Task statement: Read through the data and count the lines that contain the string "preceq"; give only the result.
*** Data for analysis ***
lemma val_mul_ge:
  assumes q: "nonzero_principal q" and r: "nonzero_principal r"
  shows "val q + val r \<le> val (q \<cdot> r)"
proof -
  have sum: "x + y \<le> val (q \<cdot> r)" if x: "x \<in> val_ratios q" and y: "y \<in> val_ratios r" for x y
  proof -
    obtain a b where ab: "x = real a / real b" "0 < b" "mpow q b \<preceq> mpow t a"
      using x unfolding val_ratios_def by blast
    obtain c d where cd: "y = real c / real d" "0 < d" "mpow r d \<preceq> mpow t c"
      using y unfolding val_ratios_def by blast
    have "mpow q (b * d) \<preceq> mpow t (a * d)" "mpow r (b * d) \<preceq> mpow t (c * b)"
      using loc_le_mpow[OF prime ab(3), of d] loc_le_mpow[OF prime cd(3), of b]
      by (simp_all add: mpow_mult mult.commute)
    then have "mpow (q \<cdot> r) (b * d) \<preceq> mpow t (a * d + c * b)"
      using loc_le_mul[OF prime] by (simp add: mpow_mul_distrib mpow_add)
    then have "real (a * d + c * b) / real (b * d) \<le> val (q \<cdot> r)"
      using nonzero_principal_mul[OF q r] ab(2) cd(2) by (intro val_ge) simp_all
    moreover have "real (a * d + c * b) / real (b * d) = x + y"
      using ab(1,2) cd(1,2) by (simp add: field_simps)
    ultimately show ?thesis by simp
  qed
  have "val q \<le> val (q \<cdot> r) - val r"
    unfolding val_def[of q]
  proof (rule cSup_least)
    fix x assume x: "x \<in> val_ratios q"
    have "val r \<le> val (q \<cdot> r) - x"
      unfolding val_def[of r]
    proof (rule cSup_least)
      show "val_ratios r \<noteq> {}" using zero_in_val_ratios by blast
    qed (use sum[OF x] in \<open>simp add: algebra_simps\<close>)
    then show "x \<le> val (q \<cdot> r) - val r" by simp
  qed (use zero_in_val_ratios in blast)
  then show ?thesis by simp
qed

lemma val_mul_le:
  assumes q: "nonzero_principal q" and r: "nonzero_principal r"
  shows "val (q \<cdot> r) \<le> val q + val r"
proof (rule val_le)
  fix a b :: nat assume b: "0 < b" and qr: "mpow (q \<cdot> r) b \<preceq> mpow t a"
  \<comment> \<open>Approximate val q and val r from above by k/n and l/n with n = b N.\<close>
  show "real a / real b \<le> val q + val r"
  proof (rule real_le_if_le_add_div[where c = "2 / real b"])
    fix N :: nat assume N: "0 < N"
    define n where "n = b * N"
    have n: "0 < n" using b N by (simp add: n_def)
    define k l where "k = nat \<lfloor>real n * val q\<rfloor> + 1" and "l = nat \<lfloor>real n * val r\<rfloor> + 1"
    have k: "real n * val q < real k" "real k \<le> real n * val q + 1"
      using val_nonneg[OF q] unfolding k_def by (auto simp: of_nat_nat) linarith+
    have l: "real n * val r < real l" "real l \<le> real n * val r + 1"
      using val_nonneg[OF r] unfolding l_def by (auto simp: of_nat_nat) linarith+
    have "mpow t k \<preceq> mpow q n" "mpow t l \<preceq> mpow r n"
      using val_gt[OF q n, of k] val_gt[OF r n, of l] k(1) l(1) n by (simp_all add: field_simps)
    then have "mpow t (k + l) \<preceq> mpow (q \<cdot> r) n"
      using loc_le_mul[OF prime] by (simp add: mpow_add mpow_mul_distrib)
    moreover have "mpow (q \<cdot> r) n \<preceq> mpow t (a * N)"
      using loc_le_mpow[OF prime qr, of N] by (simp add: mpow_mult n_def)
    ultimately have "mpow t (k + l) \<preceq> mpow t (a * N)" by (rule loc_le_trans[OF prime])
    then have "real a * real N \<le> real k + real l"
      by (simp add: mpow_generator_loc_le_iff flip: of_nat_mult of_nat_add)
    also have "\<dots> \<le> real b * real N * (val q + val r) + 2"
      using k(2) l(2) by (simp add: n_def algebra_simps)
    finally have "real a * real N / (real b * real N)
        \<le> (real b * real N * (val q + val r) + 2) / (real b * real N)"
      using b N by (intro divide_right_mono) auto
    then show "real a / real b \<le> val q + val r + 2 / real b / real N"
      using b N by (simp add: field_simps)
  qed
qed

lemma val_mul: "nonzero_principal q \<Longrightarrow> nonzero_principal r \<Longrightarrow> val (q \<cdot> r) = val q + val r"
  using val_mul_le val_mul_ge by (simp add: order.antisym)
*** End of Data for analysis ***
Task answer: 9